■ **What to work on**
Output nothing but the lines from the first line of the entries to the line with "note x = pair_sum_pattern_1_partial_sums[OF", inclusive, exactly as they read.

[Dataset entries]
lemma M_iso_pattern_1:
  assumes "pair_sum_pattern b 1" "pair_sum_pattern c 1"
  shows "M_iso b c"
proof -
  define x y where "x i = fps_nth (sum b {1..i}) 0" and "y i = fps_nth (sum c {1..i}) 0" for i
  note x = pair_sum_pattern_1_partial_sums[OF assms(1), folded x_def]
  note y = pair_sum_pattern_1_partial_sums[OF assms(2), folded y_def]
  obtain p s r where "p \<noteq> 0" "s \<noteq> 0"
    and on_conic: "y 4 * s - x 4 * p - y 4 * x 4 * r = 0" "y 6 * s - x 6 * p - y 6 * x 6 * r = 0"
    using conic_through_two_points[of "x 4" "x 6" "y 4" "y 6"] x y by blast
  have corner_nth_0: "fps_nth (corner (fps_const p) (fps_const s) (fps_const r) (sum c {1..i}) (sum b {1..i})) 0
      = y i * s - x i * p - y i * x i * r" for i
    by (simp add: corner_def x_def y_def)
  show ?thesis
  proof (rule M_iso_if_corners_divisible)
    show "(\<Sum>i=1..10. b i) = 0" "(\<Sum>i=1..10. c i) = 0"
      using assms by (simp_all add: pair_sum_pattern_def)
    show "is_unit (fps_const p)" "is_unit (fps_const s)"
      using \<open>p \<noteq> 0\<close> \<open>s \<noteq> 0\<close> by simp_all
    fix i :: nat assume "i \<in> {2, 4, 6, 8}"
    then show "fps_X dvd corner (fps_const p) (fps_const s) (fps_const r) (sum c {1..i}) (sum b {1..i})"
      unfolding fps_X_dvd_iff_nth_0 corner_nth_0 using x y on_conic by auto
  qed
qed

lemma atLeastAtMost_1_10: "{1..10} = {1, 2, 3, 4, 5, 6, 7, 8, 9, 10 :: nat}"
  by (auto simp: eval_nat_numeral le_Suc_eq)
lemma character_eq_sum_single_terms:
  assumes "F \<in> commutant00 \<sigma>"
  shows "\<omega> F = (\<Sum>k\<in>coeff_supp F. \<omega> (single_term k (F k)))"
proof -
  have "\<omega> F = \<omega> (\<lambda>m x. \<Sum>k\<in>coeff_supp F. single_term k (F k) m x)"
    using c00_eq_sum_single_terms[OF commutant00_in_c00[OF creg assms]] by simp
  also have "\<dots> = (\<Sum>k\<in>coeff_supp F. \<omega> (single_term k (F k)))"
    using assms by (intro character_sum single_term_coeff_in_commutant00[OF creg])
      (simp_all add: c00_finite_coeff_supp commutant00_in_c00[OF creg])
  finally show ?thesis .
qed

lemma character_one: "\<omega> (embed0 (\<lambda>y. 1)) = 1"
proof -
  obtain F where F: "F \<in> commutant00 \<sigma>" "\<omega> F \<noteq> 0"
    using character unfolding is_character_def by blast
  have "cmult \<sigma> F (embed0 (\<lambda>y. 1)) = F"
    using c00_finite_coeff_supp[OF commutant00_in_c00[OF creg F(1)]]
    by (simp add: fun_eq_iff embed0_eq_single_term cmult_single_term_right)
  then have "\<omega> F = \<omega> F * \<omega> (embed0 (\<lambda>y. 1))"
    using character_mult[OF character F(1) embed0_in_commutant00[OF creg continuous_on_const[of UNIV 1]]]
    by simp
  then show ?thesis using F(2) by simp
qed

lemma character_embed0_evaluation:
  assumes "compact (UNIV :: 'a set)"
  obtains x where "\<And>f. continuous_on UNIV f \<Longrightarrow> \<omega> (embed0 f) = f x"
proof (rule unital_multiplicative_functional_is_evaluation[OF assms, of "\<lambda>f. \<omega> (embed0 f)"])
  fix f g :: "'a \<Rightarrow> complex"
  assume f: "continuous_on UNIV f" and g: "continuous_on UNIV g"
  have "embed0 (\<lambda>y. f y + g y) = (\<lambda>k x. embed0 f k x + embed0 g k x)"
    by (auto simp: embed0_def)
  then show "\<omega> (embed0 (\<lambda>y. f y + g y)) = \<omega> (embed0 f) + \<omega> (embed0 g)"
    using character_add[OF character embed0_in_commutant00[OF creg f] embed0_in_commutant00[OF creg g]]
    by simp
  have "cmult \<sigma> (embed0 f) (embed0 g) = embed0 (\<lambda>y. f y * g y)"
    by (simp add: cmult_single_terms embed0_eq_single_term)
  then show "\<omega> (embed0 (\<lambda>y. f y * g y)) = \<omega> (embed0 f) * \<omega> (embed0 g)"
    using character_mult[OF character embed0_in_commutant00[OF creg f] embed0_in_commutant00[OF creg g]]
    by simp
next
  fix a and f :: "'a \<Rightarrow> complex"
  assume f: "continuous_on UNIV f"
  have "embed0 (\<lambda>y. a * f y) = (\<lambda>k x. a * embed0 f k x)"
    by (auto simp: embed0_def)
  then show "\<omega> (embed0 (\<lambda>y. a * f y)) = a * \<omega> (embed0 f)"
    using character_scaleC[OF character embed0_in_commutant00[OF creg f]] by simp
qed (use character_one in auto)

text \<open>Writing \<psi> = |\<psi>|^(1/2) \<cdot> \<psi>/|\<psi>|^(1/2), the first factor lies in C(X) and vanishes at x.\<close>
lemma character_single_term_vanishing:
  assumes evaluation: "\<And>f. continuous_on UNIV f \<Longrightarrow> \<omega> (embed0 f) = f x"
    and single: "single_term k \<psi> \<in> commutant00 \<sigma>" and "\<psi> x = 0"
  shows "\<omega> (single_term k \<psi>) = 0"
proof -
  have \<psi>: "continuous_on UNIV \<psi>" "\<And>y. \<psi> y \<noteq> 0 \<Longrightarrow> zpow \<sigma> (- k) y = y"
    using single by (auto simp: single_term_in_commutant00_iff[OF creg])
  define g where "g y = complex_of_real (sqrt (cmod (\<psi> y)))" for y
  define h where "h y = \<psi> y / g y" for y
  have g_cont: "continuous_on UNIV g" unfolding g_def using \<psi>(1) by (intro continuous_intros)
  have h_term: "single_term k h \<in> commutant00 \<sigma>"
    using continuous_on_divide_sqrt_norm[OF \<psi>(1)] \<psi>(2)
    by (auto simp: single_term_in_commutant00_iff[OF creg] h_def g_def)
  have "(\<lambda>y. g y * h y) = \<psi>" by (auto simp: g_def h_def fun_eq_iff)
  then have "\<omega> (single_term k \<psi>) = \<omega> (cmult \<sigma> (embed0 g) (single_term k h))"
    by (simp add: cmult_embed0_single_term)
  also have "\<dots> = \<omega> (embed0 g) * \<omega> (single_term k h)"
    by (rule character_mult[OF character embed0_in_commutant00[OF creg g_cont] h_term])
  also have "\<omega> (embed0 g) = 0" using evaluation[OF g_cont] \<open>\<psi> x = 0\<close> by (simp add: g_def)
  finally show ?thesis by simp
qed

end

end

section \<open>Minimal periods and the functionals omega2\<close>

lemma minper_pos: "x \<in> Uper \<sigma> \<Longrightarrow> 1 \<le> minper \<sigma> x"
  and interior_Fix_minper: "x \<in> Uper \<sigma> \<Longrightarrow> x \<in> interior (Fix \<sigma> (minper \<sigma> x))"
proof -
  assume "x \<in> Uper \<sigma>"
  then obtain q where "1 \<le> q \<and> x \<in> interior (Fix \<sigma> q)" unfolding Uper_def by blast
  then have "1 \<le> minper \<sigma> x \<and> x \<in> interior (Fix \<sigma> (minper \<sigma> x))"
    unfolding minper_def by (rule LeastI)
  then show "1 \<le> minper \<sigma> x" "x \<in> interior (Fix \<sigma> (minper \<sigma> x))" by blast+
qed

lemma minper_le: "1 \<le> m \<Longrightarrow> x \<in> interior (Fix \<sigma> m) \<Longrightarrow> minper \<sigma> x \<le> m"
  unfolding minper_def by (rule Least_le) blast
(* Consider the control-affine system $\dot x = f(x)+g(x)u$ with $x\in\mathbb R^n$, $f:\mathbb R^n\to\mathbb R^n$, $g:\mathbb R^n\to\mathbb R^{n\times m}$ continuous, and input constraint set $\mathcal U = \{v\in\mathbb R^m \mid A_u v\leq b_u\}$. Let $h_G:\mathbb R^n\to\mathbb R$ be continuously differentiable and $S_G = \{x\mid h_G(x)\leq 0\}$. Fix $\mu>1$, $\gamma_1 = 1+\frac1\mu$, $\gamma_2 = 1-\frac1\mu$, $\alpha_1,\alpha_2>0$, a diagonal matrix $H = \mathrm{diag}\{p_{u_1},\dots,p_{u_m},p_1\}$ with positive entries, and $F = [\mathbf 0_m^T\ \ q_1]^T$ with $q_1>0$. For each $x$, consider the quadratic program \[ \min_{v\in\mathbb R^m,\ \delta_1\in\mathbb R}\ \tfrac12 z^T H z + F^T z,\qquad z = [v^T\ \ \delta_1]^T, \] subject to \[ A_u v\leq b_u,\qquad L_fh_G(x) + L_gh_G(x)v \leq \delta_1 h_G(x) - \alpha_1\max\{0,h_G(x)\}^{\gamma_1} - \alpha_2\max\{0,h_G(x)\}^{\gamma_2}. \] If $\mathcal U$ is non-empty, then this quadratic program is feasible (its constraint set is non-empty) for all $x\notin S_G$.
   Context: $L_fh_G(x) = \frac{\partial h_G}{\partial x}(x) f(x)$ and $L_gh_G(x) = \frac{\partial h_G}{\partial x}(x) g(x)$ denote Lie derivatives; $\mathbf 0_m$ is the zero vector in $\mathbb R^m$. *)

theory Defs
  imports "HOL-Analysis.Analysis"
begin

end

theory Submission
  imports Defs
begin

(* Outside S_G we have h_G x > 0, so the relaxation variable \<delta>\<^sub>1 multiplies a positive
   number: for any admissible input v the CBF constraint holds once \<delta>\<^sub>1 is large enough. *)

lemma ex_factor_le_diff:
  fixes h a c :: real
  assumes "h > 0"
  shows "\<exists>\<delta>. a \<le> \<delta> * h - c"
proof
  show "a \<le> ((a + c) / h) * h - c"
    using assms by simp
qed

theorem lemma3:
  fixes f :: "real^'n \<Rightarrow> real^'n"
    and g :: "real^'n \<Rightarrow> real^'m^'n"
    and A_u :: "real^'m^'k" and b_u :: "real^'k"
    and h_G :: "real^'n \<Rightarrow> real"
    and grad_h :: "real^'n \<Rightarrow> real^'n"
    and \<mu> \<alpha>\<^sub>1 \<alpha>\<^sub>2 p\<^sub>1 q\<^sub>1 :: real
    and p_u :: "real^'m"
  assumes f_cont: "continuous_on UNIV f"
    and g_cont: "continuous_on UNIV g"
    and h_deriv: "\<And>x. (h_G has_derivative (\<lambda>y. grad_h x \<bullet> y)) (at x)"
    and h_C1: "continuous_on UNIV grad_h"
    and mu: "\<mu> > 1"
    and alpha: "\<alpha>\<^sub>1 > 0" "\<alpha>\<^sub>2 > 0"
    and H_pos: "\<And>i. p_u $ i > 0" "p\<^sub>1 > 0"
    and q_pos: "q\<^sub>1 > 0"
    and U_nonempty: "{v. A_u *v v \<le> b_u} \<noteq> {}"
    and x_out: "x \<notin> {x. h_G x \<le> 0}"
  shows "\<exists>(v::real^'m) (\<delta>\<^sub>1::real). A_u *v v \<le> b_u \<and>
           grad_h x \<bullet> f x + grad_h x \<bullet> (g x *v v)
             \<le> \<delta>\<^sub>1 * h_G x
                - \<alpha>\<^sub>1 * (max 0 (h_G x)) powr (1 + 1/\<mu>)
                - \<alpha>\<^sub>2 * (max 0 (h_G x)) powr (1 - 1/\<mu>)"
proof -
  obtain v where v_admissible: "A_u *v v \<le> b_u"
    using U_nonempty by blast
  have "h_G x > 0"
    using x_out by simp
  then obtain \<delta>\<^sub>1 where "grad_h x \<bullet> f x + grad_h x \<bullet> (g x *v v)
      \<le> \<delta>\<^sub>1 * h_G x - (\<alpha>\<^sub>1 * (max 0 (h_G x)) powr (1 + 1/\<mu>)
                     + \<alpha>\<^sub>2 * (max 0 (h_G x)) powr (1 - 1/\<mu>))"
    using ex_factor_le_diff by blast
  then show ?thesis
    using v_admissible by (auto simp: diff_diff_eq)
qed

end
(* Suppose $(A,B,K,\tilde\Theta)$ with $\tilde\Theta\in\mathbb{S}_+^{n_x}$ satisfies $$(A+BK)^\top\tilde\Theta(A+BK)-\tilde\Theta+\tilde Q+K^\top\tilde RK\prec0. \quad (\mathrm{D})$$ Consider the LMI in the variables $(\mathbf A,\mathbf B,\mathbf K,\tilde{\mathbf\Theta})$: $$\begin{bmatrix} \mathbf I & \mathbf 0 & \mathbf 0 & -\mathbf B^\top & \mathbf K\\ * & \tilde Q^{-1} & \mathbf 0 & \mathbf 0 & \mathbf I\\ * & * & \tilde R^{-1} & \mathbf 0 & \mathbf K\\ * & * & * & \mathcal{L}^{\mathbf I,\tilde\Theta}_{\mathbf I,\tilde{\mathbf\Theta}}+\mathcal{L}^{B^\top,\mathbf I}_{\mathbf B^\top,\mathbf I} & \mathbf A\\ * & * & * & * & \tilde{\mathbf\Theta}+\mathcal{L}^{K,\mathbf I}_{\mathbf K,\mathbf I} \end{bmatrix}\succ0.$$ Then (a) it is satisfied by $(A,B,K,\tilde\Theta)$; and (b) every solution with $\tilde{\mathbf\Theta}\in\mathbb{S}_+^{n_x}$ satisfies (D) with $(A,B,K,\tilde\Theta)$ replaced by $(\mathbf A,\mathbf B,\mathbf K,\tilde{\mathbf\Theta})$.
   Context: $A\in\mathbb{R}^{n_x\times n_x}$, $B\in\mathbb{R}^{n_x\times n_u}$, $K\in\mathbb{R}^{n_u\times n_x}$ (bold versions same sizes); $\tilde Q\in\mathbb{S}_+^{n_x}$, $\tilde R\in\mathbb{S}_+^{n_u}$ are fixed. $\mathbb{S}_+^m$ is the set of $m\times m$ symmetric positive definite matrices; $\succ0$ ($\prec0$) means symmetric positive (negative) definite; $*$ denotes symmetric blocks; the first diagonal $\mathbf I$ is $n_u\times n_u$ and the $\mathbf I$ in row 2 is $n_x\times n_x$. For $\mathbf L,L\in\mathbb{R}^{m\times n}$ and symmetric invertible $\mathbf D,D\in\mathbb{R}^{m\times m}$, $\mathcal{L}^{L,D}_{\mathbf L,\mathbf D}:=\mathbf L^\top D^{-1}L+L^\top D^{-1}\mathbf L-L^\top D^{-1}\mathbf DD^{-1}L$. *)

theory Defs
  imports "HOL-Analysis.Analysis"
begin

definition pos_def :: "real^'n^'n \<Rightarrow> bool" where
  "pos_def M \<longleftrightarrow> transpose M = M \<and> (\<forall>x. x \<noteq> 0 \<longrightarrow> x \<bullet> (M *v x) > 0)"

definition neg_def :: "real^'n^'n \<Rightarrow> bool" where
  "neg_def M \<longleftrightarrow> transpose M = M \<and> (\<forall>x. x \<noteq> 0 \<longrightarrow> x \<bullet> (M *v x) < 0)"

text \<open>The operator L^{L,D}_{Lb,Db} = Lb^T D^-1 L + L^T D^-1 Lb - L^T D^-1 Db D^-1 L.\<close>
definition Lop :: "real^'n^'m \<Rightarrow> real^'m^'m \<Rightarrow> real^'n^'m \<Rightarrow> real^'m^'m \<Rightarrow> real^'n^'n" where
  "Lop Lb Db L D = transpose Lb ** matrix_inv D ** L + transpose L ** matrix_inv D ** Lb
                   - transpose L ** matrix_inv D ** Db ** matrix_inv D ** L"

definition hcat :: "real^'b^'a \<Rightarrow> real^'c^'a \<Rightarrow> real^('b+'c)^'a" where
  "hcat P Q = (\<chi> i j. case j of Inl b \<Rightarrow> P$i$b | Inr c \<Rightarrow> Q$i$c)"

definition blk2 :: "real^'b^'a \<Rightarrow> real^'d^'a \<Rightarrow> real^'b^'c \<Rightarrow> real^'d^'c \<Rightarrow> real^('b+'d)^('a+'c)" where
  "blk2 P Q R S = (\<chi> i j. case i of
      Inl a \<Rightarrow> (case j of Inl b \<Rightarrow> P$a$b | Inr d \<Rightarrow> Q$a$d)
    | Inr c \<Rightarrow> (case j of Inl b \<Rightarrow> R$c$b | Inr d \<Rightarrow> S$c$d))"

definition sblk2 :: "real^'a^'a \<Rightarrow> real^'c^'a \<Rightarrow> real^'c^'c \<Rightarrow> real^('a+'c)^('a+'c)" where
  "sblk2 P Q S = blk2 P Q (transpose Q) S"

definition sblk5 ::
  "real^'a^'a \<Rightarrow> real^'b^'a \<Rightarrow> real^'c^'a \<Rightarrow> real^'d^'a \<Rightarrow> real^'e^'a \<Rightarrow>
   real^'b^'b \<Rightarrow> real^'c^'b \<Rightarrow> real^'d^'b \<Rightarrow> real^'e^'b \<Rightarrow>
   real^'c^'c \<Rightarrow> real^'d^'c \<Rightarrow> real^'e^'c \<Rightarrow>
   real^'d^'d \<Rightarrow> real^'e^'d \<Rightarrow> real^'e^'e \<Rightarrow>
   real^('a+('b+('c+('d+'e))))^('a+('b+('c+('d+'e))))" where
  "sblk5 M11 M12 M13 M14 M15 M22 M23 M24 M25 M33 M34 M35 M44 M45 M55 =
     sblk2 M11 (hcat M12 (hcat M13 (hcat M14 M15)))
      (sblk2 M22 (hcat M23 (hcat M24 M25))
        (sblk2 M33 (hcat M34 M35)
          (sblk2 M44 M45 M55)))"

■ **Response to this task**
lemma M_iso_pattern_1:
  assumes "pair_sum_pattern b 1" "pair_sum_pattern c 1"
  shows "M_iso b c"
proof -
  define x y where "x i = fps_nth (sum b {1..i}) 0" and "y i = fps_nth (sum c {1..i}) 0" for i
  note x = pair_sum_pattern_1_partial_sums[OF assms(1), folded x_def]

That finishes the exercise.